Спор идет, в частности, о том, что вместо термина "совокупность" было бы более правильным употребить слово "ансамбль". Целый ряд авторов полагает это обстоятельство одним из исходных моментов своих исследований[27]. М.С.Каган, например, подчеркивает, что сущность человека не может включать все социальные связи. К ней могут быть причислены лишь те, которые непосредственно усвоены и освоены индивидом. Поэтому у К.Маркса речь идет именно об ансамбле общественных отношений[28].

"Совокупность, вернее, ансамбль общественных отношений, - пишет Б.С.Братусь, - и есть человек, т.е. общественные отношения определяются через образующую их деятельность человека"[29]. В подтверждение этого он приводит выдержку из "Конспекта книги Джемса Милля "Основы политической экономии" о том, что общественная сущность "не есть некая абстрактно-всеобщая сила, противостоящая отдельному индивиду, а является сущностью каждого отдельного индивида, его собственной деятельностью, его собственной жизнью, его собственным наслаждением, его собственным богатством"[30].

Наконец, И.С.Кон задается таким вопросом: "Могу ли я не погрешив против истины, назвать себя совокупностью всех общественных отношений, когда сфера моей (и вашей, и любого конкретного индивида) деятельности заведомо включает лишь незначительную часть этих отношений?"[31].

Сама постановка подобного вопроса, а также отождествление личности с некоей частью, "ансамблем" всей совокупности социальных связей убеждает в том, что названные авторы полагают общественные отношения простой совокупностью бесконечно многообразных видов человеческой деятельности или, другими словами, приравнивают сущностное понимание социума К.Марксом к феноменологическому.

Бесспорно, индивид как таковой может быть действительно активным лишь в относительно немногих областях жизни, но К.Маркс, как представляется, имеет в виду иное.

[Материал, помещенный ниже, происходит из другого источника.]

lemma mat_injective_hermitian_shift:
  assumes herm: "\<And>i j. i < N \<Longrightarrow> j < N \<Longrightarrow> A j i = cnj (A i j)" and z: "Im z \<noteq> 0"
  shows "mat_injective N (\<lambda>i j. A i j - (if i = j then z else 0))"
  unfolding mat_injective_def
proof (rule allI, rule impI)
  fix v assume kv: "\<forall>i<N. (\<Sum>k<N. (A i k - (if i = k then z else 0)) * v k) = 0"
  have Av: "(\<Sum>k<N. A i k * v k) = z * v i" if "i < N" for i
  proof -
    have "(\<Sum>k<N. (A i k - (if i = k then z else 0)) * v k)
        = (\<Sum>k<N. A i k * v k) - (\<Sum>k<N. (if i = k then z else 0) * v k)"
      by (simp add: left_diff_distrib sum_subtractf)
    also have "(\<Sum>k<N. (if i = k then z else 0) * v k) = (\<Sum>k<N. if i = k then z * v k else 0)"
      by (intro sum.cong) auto
    also have "\<dots> = z * v i"
      using that by (simp add: sum.delta')
    finally show ?thesis using kv that by simp
  qed
  \<comment> \<open>Q = v* A v is real because A is Hermitian, but A v = z v makes it z |v|^2.\<close>
  define Q where "Q = (\<Sum>i<N. cnj (v i) * (\<Sum>k<N. A i k * v k))"
  have "Q = (\<Sum>i<N. z * of_real ((cmod (v i))\<^sup>2))"
    unfolding Q_def complex_norm_square
  proof (intro sum.cong refl)
    fix i assume "i \<in> {..<N}"
    then have "cnj (v i) * (\<Sum>k<N. A i k * v k) = cnj (v i) * (z * v i)" by (simp add: Av)
    then show "cnj (v i) * (\<Sum>k<N. A i k * v k) = z * (v i * cnj (v i))" by (simp add: mult_ac)
  qed
  then have Q_eq: "Q = z * of_real (\<Sum>i<N. (cmod (v i))\<^sup>2)"
    by (simp add: sum_distrib_left)
  have herm': "cnj (A i k) = A k i" if "i < N" "k < N" for i k
    using herm[OF that] by simp
  have "cnj Q = (\<Sum>i<N. \<Sum>k<N. v i * (A k i * cnj (v k)))"
    unfolding Q_def by (simp add: herm' sum_distrib_left)
  also have "\<dots> = (\<Sum>k<N. \<Sum>i<N. v i * (A k i * cnj (v k)))"
    by (rule sum.swap)
  also have "\<dots> = Q"
    unfolding Q_def sum_distrib_left by (simp only: mult.commute mult.left_commute)
  finally have "Im (cnj Q) = Im Q" by simp
  then have "Im Q = 0" by simp
  then have "(\<Sum>i<N. (cmod (v i))\<^sup>2) = 0" using z unfolding Q_eq by simp
  then show "\<forall>k<N. v k = 0" by (simp add: sum_nonneg_eq_0_iff)
qed

lemma borel_measurable_det:
  fixes F :: "'x \<Rightarrow> complex Matrix.mat"
  assumes F: "\<And>x. F x \<in> carrier_mat n n"
    and entries: "\<And>i j. i < n \<Longrightarrow> j < n \<Longrightarrow> (\<lambda>x. F x $$ (i, j)) \<in> borel_measurable \<Omega>"
  shows "(\<lambda>x. Determinant.det (F x)) \<in> borel_measurable \<Omega>"
proof -
  have "(\<lambda>x. Determinant.det (F x)) =
      (\<lambda>x. \<Sum>p \<in> {p. p permutes {0..<n}}. signof p * (\<Prod>i = 0..<n. F x $$ (i, p i)))"
    using det_def'[OF F] by (intro ext) auto
  moreover have "(\<lambda>x. \<Prod>i = 0..<n. F x $$ (i, p i)) \<in> borel_measurable \<Omega>" if "p permutes {0..<n}" for p
    using that by (intro borel_measurable_prod entries) (auto dest: permutes_in_image)
  ultimately show ?thesis by simp
qed

lemma borel_measurable_adj_mat:
  fixes F :: "'x \<Rightarrow> complex Matrix.mat"
  assumes F: "\<And>x. F x \<in> carrier_mat n n"
    and entries: "\<And>i j. i < n \<Longrightarrow> j < n \<Longrightarrow> (\<lambda>x. F x $$ (i, j)) \<in> borel_measurable \<Omega>"
    and ij: "i < n" "j < n"
  shows "(\<lambda>x. adj_mat (F x) $$ (i, j)) \<in> borel_measurable \<Omega>"
proof -
  have "adj_mat (F x) $$ (i, j) = (- 1) ^ (j + i) * Determinant.det (mat_delete (F x) j i)" for x
    using F[of x] ij unfolding adj_mat_def cofactor_def by auto
  moreover have "(\<lambda>x. Determinant.det (mat_delete (F x) j i)) \<in> borel_measurable \<Omega>"
  proof (rule borel_measurable_det)
    show "mat_delete (F x) j i \<in> carrier_mat (n - 1) (n - 1)" for x
      by (rule mat_delete_carrier[OF F])
    fix a b assume ab: "a < n - 1" "b < n - 1"
    then have "(\<lambda>x. F x $$ (if a < j then a else Suc a, if b < i then b else Suc b)) \<in> borel_measurable \<Omega>"
      by (intro entries) auto
    moreover have "mat_delete (F x) j i $$ (a, b) = F x $$ (if a < j then a else Suc a, if b < i then b else Suc b)" for x
      using F[of x] ab unfolding mat_delete_def by auto
    ultimately show "(\<lambda>x. mat_delete (F x) j i $$ (a, b)) \<in> borel_measurable \<Omega>" by simp
  qed
  ultimately show ?thesis by simp
qed

lemma borel_measurable_mat_inv:
  assumes inj: "\<And>x. mat_injective N (A x)"
    and entries: "\<And>i j. i < N \<Longrightarrow> j < N \<Longrightarrow> (\<lambda>x. A x i j) \<in> borel_measurable \<Omega>"
  shows "(\<lambda>x. mat_inv N (A x) i j) \<in> borel_measurable \<Omega>"
proof (cases "i < N \<and> j < N")
  case True
  have to_mat: "(\<lambda>x. to_mat N (A x) $$ (a, b)) \<in> borel_measurable \<Omega>" if "a < N" "b < N" for a b
    using entries[OF that] that unfolding to_mat_def by simp
  have "(\<lambda>x. adj_mat (to_mat N (A x)) $$ (i, j) / Determinant.det (to_mat N (A x))) \<in> borel_measurable \<Omega>"
    using True by (intro borel_measurable_divide borel_measurable_adj_mat borel_measurable_det
        to_mat) (auto simp: to_mat_carrier)
  then show ?thesis
    unfolding mat_inv_eq_cramer_inv[OF inj] cramer_inv_def using True by simp
next
  case False
  then have "(\<lambda>x. mat_inv N (A x) i j) = (\<lambda>x. 0)"
    unfolding mat_inv_eq_cramer_inv[OF inj] cramer_inv_def by auto
  then show ?thesis by simp
qed

section \<open>Resolvents of Gaussian band matrices\<close>

lemma gauss_mat_hermitian: "gauss_mat W L s X Y j i = cnj (gauss_mat W L s X Y i j)"
  unfolding gauss_mat_def by (cases i j rule: linorder_cases) auto

lemma gauss_mat_scale:
  assumes "0 \<le> t"
  shows "gauss_mat W L t X Y i j = of_real (sqrt t) * gauss_mat W L 1 X Y i j"
  unfolding gauss_mat_def using assms by (auto simp: real_sqrt_mult)

lemma gauss_mat_cong:
  assumes "\<And>a b. a \<le> b \<Longrightarrow> b < N \<Longrightarrow> X a b = X' a b \<and> Y a b = Y' a b" and "i < N" "j < N"
  shows "gauss_mat W L s X Y i j = gauss_mat W L s X' Y' i j"
  unfolding gauss_mat_def using assms by (cases i j rule: linorder_cases) auto

lemma mat_injective_gauss_mat_shift:
  assumes "Im z \<noteq> 0"
  shows "mat_injective N (\<lambda>i j. gauss_mat W L s X Y i j - (if i = j then z else 0))"
  using assms by (intro mat_injective_hermitian_shift gauss_mat_hermitian)

lemma resolvent_gauss_mat_rescale:
  assumes z: "Im z \<noteq> 0" and r: "r > 0"
  shows "(\<lambda>i j. of_real r * resolvent N (gauss_mat W L (r\<^sup>2) X Y) (of_real r * z) i j)
       = resolvent N (gauss_mat W L 1 X Y) z"
proof -
  define G where "G = (\<lambda>i j. gauss_mat W L 1 X Y i j - (if i = j then z else 0))"
  have "resolvent N (gauss_mat W L (r\<^sup>2) X Y) (of_real r * z) = mat_inv N (\<lambda>i j. of_real r * G i j)"
    unfolding resolvent_def G_def using r
    by (intro arg_cong[where f = "mat_inv N"] ext) (simp add: gauss_mat_scale[of "r\<^sup>2"] right_diff_distrib)
  also have "\<dots> = (\<lambda>i j. mat_inv N G i j / of_real r)"
    using r unfolding G_def by (intro mat_inv_scale mat_injective_gauss_mat_shift z) simp
  finally show ?thesis using r unfolding resolvent_def G_def by simp
qed

definition gauss_idx :: "nat \<Rightarrow> (nat \<times> nat + nat \<times> nat) set" where
  "gauss_idx N = Inl ` upper_idx N \<union> Inr ` upper_idx N"

definition gauss_entry ::
  "('w \<Rightarrow> nat \<Rightarrow> nat \<Rightarrow> real) \<Rightarrow> ('w \<Rightarrow> nat \<Rightarrow> nat \<Rightarrow> real) \<Rightarrow> nat \<times> nat + nat \<times> nat \<Rightarrow> 'w \<Rightarrow> real" where
  "gauss_entry xi eta k = (case k of Inl (i, j) \<Rightarrow> (\<lambda>\<omega>. xi \<omega> i j) | Inr (i, j) \<Rightarrow> (\<lambda>\<omega>. eta \<omega> i j))"

definition sample_xi :: "(nat \<times> nat + nat \<times> nat \<Rightarrow> real) \<Rightarrow> nat \<Rightarrow> nat \<Rightarrow> real" where
  "sample_xi f i j = f (Inl (i, j))"

definition sample_eta :: "(nat \<times> nat + nat \<times> nat \<Rightarrow> real) \<Rightarrow> nat \<Rightarrow> nat \<Rightarrow> real" where
  "sample_eta f i j = f (Inr (i, j))"

lemma std_gauss_family_distributed:
  assumes "std_gauss_family M N xi eta" "k \<in> gauss_idx N"
  shows "distributed M lborel (gauss_entry xi eta k) std_normal_density"
  using assms unfolding std_gauss_family_def gauss_idx_def gauss_entry_def by auto

lemma std_gauss_family_measurable:
  assumes "std_gauss_family M N xi eta" "k \<in> gauss_idx N"
  shows "gauss_entry xi eta k \<in> borel_measurable M"
  using distributed_measurable[OF std_gauss_family_distributed[OF assms]] by simp

lemma distr_std_gauss_family:
  assumes G: "std_gauss_family M N xi eta" and N: "0 < N"
  shows "distr M (PiM (gauss_idx N) (\<lambda>_. borel)) (\<lambda>\<omega>. \<lambda>k\<in>gauss_idx N. gauss_entry xi eta k \<omega>)
       = PiM (gauss_idx N) (\<lambda>_. density lborel std_normal_density)"
proof -
  have M: "prob_space M" and indep: "prob_space.indep_vars M (\<lambda>_. borel) (gauss_entry xi eta) (gauss_idx N)"
    using G unfolding std_gauss_family_def gauss_entry_def gauss_idx_def by simp_all
  have law: "distr M borel (gauss_entry xi eta k) = density lborel std_normal_density" if "k \<in> gauss_idx N" for k
    using distributed_distr_eq_density[OF std_gauss_family_distributed[OF G that]] by (simp cong: distr_cong)
  have "gauss_idx N \<noteq> {}" using N unfolding gauss_idx_def upper_idx_def by auto
  from prob_space.indep_vars_iff_distr_eq_PiM'[OF M this std_gauss_family_measurable[OF G]] indep
  have "distr M (PiM (gauss_idx N) (\<lambda>_. borel)) (\<lambda>\<omega>. \<lambda>k\<in>gauss_idx N. gauss_entry xi eta k \<omega>)
      = PiM (gauss_idx N) (\<lambda>k. distr M borel (gauss_entry xi eta k))"
    by simp
  also have "\<dots> = PiM (gauss_idx N) (\<lambda>_. density lborel std_normal_density)"
    by (rule PiM_cong) (simp_all add: law)
  finally show ?thesis .
qed

lemma borel_measurable_gauss_mat_sample:
  assumes "i < N" "j < N"
  shows "(\<lambda>f. gauss_mat W L s (sample_xi f) (sample_eta f) i j) \<in> borel_measurable (PiM (gauss_idx N) (\<lambda>_. borel))"
  using assms unfolding gauss_mat_def sample_xi_def sample_eta_def
  by (cases i j rule: linorder_cases)
     (auto intro!: borel_measurable_times borel_measurable_add borel_measurable_diff borel_measurable_divide
        measurable_compose[OF _ borel_measurable_of_real] measurable_component_singleton
        simp: gauss_idx_def upper_idx_def)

Это становится вполне очевидным, когда вышеприведенный шестой тезис о Фейербахе конкретизируется затем в "Немецкой идеологии": "Та сумма производительных сил, капиталов и социальных форм общения, которую каждый индивид и каждое поколение застают как нечто данное, есть реальная основа того, что философы представляли себе в виде "субстанции" и в виде "сущности человека"[32].

Из этого ясно, что дилемма: вся совокупность общественных отношений или только часть ее, "ансамбль" имеются в виду, должна отпасть как надуманная. Речь идет именно обо всех социальных связях, таких связях, которые конституируют общество, составляют его костяк, структуру, выражая глубокое единство многочисленных видов деятельности, прежде всего, в сфере непосредственно общественного труда.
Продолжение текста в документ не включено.